From: Markus Kuhn (Markus.Kuhn@cl.cam.ac.uk)
Date: Thu Jul 22 1999 - 19:28:49 EDT


Kenneth Whistler wrote on 1999-07-22 20:37 UTC:
> > UTF-16
> > is in my eyes primarily a political correctness exercise towards the
> > users of scripts who use 6 months of Moore's law by the 3-byte encoding
> > of their characters.
>
> I agree that storage space arguments aren't usually of much value.
> Especially if you are talking about word-processing applications.
> But size does make a difference when one starts talking about
> multi-gigabyte and multi-terabyte database applications. People who make
> decisions about database design do care about such things. And data
> transmission times make a difference, too -- although this can be
> addressed with compression in either case.

Actually, I happen to be extremely interested in exactly these
questions, because I happen to be someone who makes implementation
decisions about databases that could one day grow into the
hundreds-of-gigabyte range. I have not yet seen multi-terabyte plain
text databases though (perhaps the email/fax eavesdroppers at the NSA
have these, if anyone ;-), these tend more to be filled with images and
not text.

Therefore a few of my observations in this field:

 - While RAM and disk space isn't a big issue any more these days,
   bus and network bandwidth and the speed of search algorithms still
   is and will continue to be for some time

 - Network bandwidth can be taken care of by LZ-style compression
   algorithms, but CPU bus bandwidth can't.

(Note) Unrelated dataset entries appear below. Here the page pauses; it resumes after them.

lemma ex1_lifting:
  assumes "e \<in> E" "m \<in> M" "hom1 D e X X'" "hom1 D m Y Y'" "hom1 D a X Y" "hom1 D a' X' Y'"
    and "hom2 D \<Psi> (cmp D a' e) (cmp D m a)" "inv2 D \<Psi>"
  shows "\<exists>!p. hom1 D (fst p) X' Y \<and> hom2 D (snd p) a' (cmp D m (fst p)) \<and> inv2 D (snd p) \<and>
      cmp D (fst p) e = a \<and> hc D (snd p) (id2 D e) = \<Psi>"
  using efs assms unfolding enhanced_factorization_system_def by (elim conjE) blast

lemma lifting_of_identity:
  assumes "e \<in> E" "m \<in> M" "hom1 D e X X'" "hom1 D m Y Y'" "hom1 D a X Y" "hom1 D a' X' Y'"
    and "hom2 D \<Psi> (cmp D a' e) (cmp D m a)" "inv2 D \<Psi>" "\<Psi> = id2 D (cmp D a' e)"
    and "hom1 D d X' Y" "hom2 D \<Psi>' a' (cmp D m d)" "inv2 D \<Psi>'"
    and "cmp D d e = a" "hc D \<Psi>' (id2 D e) = \<Psi>"
  shows "cmp D m d = a' \<and> \<Psi>' = id2 D a'"
  using efs assms unfolding enhanced_factorization_system_def by (elim conjE) blast

text \<open>Apply (ii) to the identity 2-cell: its last clause makes the lower triangle commute
  strictly, and every strict diagonal d yields the lifting (d, id), so uniqueness of liftings
  gives uniqueness of d.\<close>

lemma ex1_diagonal:
  assumes "e \<in> E" "m \<in> M" "hom1 D e X X'" "hom1 D m Y Y'" "hom1 D a X Y" "hom1 D a' X' Y'"
    and square: "cmp D a' e = cmp D m a"
  shows "\<exists>!d. hom1 D d X' Y \<and> cmp D d e = a \<and> cmp D m d = a'"
proof -
  have arrs: "e \<in> arr D" "a' \<in> arr D" "cd D e = dm D a'"
    using assms(3,6) unfolding hom1_def by auto
  have a'e: "cmp D a' e \<in> arr D"
    using arrs by simp
  have id_square: "hom2 D (id2 D (cmp D a' e)) (cmp D a' e) (cmp D m a)"
    using arrs unfolding hom2_def square[symmetric] by simp
  let ?lift = "\<lambda>p. hom1 D (fst p) X' Y \<and> hom2 D (snd p) a' (cmp D m (fst p)) \<and> inv2 D (snd p) \<and>
      cmp D (fst p) e = a \<and> hc D (snd p) (id2 D e) = id2 D (cmp D a' e)"
  have ex1: "\<exists>!p. ?lift p"
    using ex1_lifting[OF assms(1-6) id_square inv2_id2[OF a'e]] .
  have strict_lift: "?lift (d, id2 D a')" if "hom1 D d X' Y" "cmp D d e = a" "cmp D m d = a'" for d
    using that arrs unfolding hom2_def by (auto simp: inv2_id2 hc_id2)
  obtain p where p: "?lift p" using ex1 by blast
  then have "cmp D m (fst p) = a'"
    using lifting_of_identity[OF assms(1-6) id_square inv2_id2[OF a'e] refl] by blast
  with p have diagonal: "hom1 D (fst p) X' Y \<and> cmp D (fst p) e = a \<and> cmp D m (fst p) = a'"
    by blast
  show ?thesis
  proof (rule ex1I[of _ "fst p"])
    fix d assume "hom1 D d X' Y \<and> cmp D d e = a \<and> cmp D m d = a'"
    with ex1 strict_lift diagonal have "(d, id2 D a') = (fst p, id2 D a')"
      by (metis fst_conv snd_conv)
    then show "d = fst p" by simp
  qed (fact diagonal)
qed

 - Bus bandwidth can be a limiting factor in index traversal and full-text
   substring searches.

 - The vast majority (>> 80%) of characters handled today in networked
   databases are 7-bit ASCII. I have yet to see a single >10 gigabyte
   database consisting predominantly of non-Latin text (outside the
   basement of US intelligence agencies :). This is not an issue of
   the deployment of Unicode, because suitable national non-Latin
   character sets have been around for over 15 years.

 - Given the global mix ratio of ASCII versus non-ASCII characters used
   on the Internet today, I believe that UTF-8 is on average almost half
   as short as UTF-16.

 - Many important algorithms such as fulltext string search and B-tree
   prefix lookups can equally easily be implemented in both UTF-8 and
   UTF-16, however their execution speed is proportional to the number
   of bits required by the encoding and transfered through the bus
   bottleneck.

 - UTF-8 is a very simple compression algorithm that thanks to its
   stateless encoding is compatible with most string search and indexing
   algorithms, while better compression algorithms such as gzip
   are certainly not.

I believe that certainly in the western world, but most likely also on a
global average, UTF-8 gives therefore a close to 50% performance
improvement over UTF-16 in database lookups.

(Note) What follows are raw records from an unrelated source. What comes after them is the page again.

definition eqclass :: "'r set \<Rightarrow> ('r \<Rightarrow> 'v) \<Rightarrow> ('r \<Rightarrow> 'v) \<Rightarrow> 'r set \<Rightarrow> 'r \<Rightarrow> 'r set" where
  "eqclass At u v Inc R = {S \<in> Inc. sim At u v R S}"

definition coupled :: "'r set \<Rightarrow> ('r \<Rightarrow> 'v) \<Rightarrow> ('r \<Rightarrow> 'v) \<Rightarrow> 'r set \<Rightarrow> 'r \<Rightarrow> 'r set" where
  "coupled At u v Inc R = eqclass At u v Inc R \<union>
     {S \<in> Inc. \<exists>P. upath At u v P (v R) (u S) \<and> set P \<inter> reachR At u v R = {}}"

definition splittable :: "'r set \<Rightarrow> ('r \<Rightarrow> 'v) \<Rightarrow> ('r \<Rightarrow> 'v) \<Rightarrow> 'r set \<Rightarrow> bool" where
  "splittable At u v Inc \<longleftrightarrow> \<not> (\<exists>R\<in>Inc. \<exists>S\<in>Inc. R \<in> coupled At u v Inc S \<and>
      S \<in> coupled At u v Inc R \<and> \<not> sim At u v R S)"

definition Eqs :: "'r set \<Rightarrow> ('r \<Rightarrow> 'v) \<Rightarrow> ('r \<Rightarrow> 'v) \<Rightarrow> 'r set \<Rightarrow> 'r set set" where
  "Eqs At u v Inc = eqclass At u v Inc ` Inc"

definition Cplus :: "'r set \<Rightarrow> ('r \<Rightarrow> 'v) \<Rightarrow> ('r \<Rightarrow> 'v) \<Rightarrow> 'r set \<Rightarrow> 'v set" where
  "Cplus At u v C = (\<Inter>R\<in>C. reachR At u v R)"

definition coupledC :: "'r set \<Rightarrow> ('r \<Rightarrow> 'v) \<Rightarrow> ('r \<Rightarrow> 'v) \<Rightarrow> 'r set \<Rightarrow> 'r set \<Rightarrow> 'r set set" where
  "coupledC At u v Inc C = {C} \<union> {C' \<in> Eqs At u v Inc. \<exists>R\<in>C. \<exists>S\<in>C'. \<exists>P.
      upath At u v P (v R) (u S) \<and> set P \<inter> Cplus At u v C = {}}"

end

theory Submission
  imports Defs
begin

text \<open>Write \<open>N\<^sub>R\<close> for \<open>u\<^sub>R\<^sup>+\<^sup>,\<^sup>R\<close>. Coupling of classes reduces to coupling of single atoms:
  an undirected path from \<open>v\<^sub>R\<close> avoiding \<open>C\<^sup>+\<close> can be re-rooted at some \<open>v\<^sub>R\<^sub>'\<close>, \<open>R' \<in> C\<close>, so that it
  avoids \<open>N\<^sub>R\<^sub>'\<close>: the first vertex of the path lying in some \<open>N\<^sub>R\<^sub>1 - C\<^sup>+\<close> misses some \<open>N\<^sub>R\<^sub>'\<close>, yet is
  reachable from \<open>u\<^sub>R\<^sub>'\<close> through \<open>u\<^sub>R\<^sub>1\<close>, so the directed path to it must leave through \<open>e\<^sub>R\<^sub>'\<close> and
  afterwards stays outside \<open>N\<^sub>R\<^sub>'\<close>. Its endpoint can also be moved from \<open>u\<^sub>S\<close> to any \<open>u\<^sub>S\<^sub>'\<close> with
  \<open>S \<sim> S'\<close> along a directed cycle, which cannot meet \<open>N\<^sub>R\<^sub>'\<close> unless \<open>R' \<sim> S\<close>. Hence mutual coupling
  of two classes yields two mutually coupled, inequivalent atoms, contradicting splittability.
  For the strict inclusion, if \<open>R\<^sub>0 \<in> C\<^sub>2\<close> is coupled to \<open>R\<^sub>1 \<in> C\<^sub>1\<close>, every path from \<open>v\<^sub>R\<^sub>1\<close> avoiding
  \<open>N\<^sub>R\<^sub>1\<close> also avoids \<open>N\<^sub>R\<^sub>0\<close>, since otherwise \<open>R\<^sub>0\<close> would be coupled back to \<open>R\<^sub>1\<close>; prefixing it
  by the path from \<open>v\<^sub>R\<^sub>0\<close> to \<open>u\<^sub>R\<^sub>1\<close> and the edge \<open>e\<^sub>R\<^sub>1\<close> shows that whatever \<open>C\<^sub>1\<close> is coupled
  to, \<open>C\<^sub>2\<close> is coupled to as well.\<close>

subsection \<open>Undirected connectivity avoiding a vertex set\<close>

definition adj_outside :: "'r set \<Rightarrow> ('r \<Rightarrow> 'v) \<Rightarrow> ('r \<Rightarrow> 'v) \<Rightarrow> 'v set \<Rightarrow> ('v \<times> 'v) set" where
  "adj_outside At u v N = {(a, b). a \<notin> N \<and> b \<notin> N \<and> (\<exists>S\<in>At. {a, b} = {u S, v S})}"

I am well aware that my experimental evidence here is not yet very
complete, but at least I wouldn't dismiss the use of UTF-8 in
high-performance database applications immediately based on performance
reasons. It might well be the more efficient solution in real-live
applications.

> I would consider Microsoft
> Windows a "big field of application" by any reasonable measure.
> Java is another "big field of application". IBM and Apple both make
> extensive use of UTF-16. I won't start running down the medium-sized
> companies using it.

I am not in favour of quoting large companies who have made certain
technical decisions as an argument for the quality of a specific
technical solution. We all have read enough Dilbert to understand how
technical decisions are usually made today in our hype-driven commercial
world. At least I am more skeptically amused than impressed by "it must
be right way because Microsoft Windows, IBM, Apple, etc. also do it"
(especially if the word Java appears in the same paragraph).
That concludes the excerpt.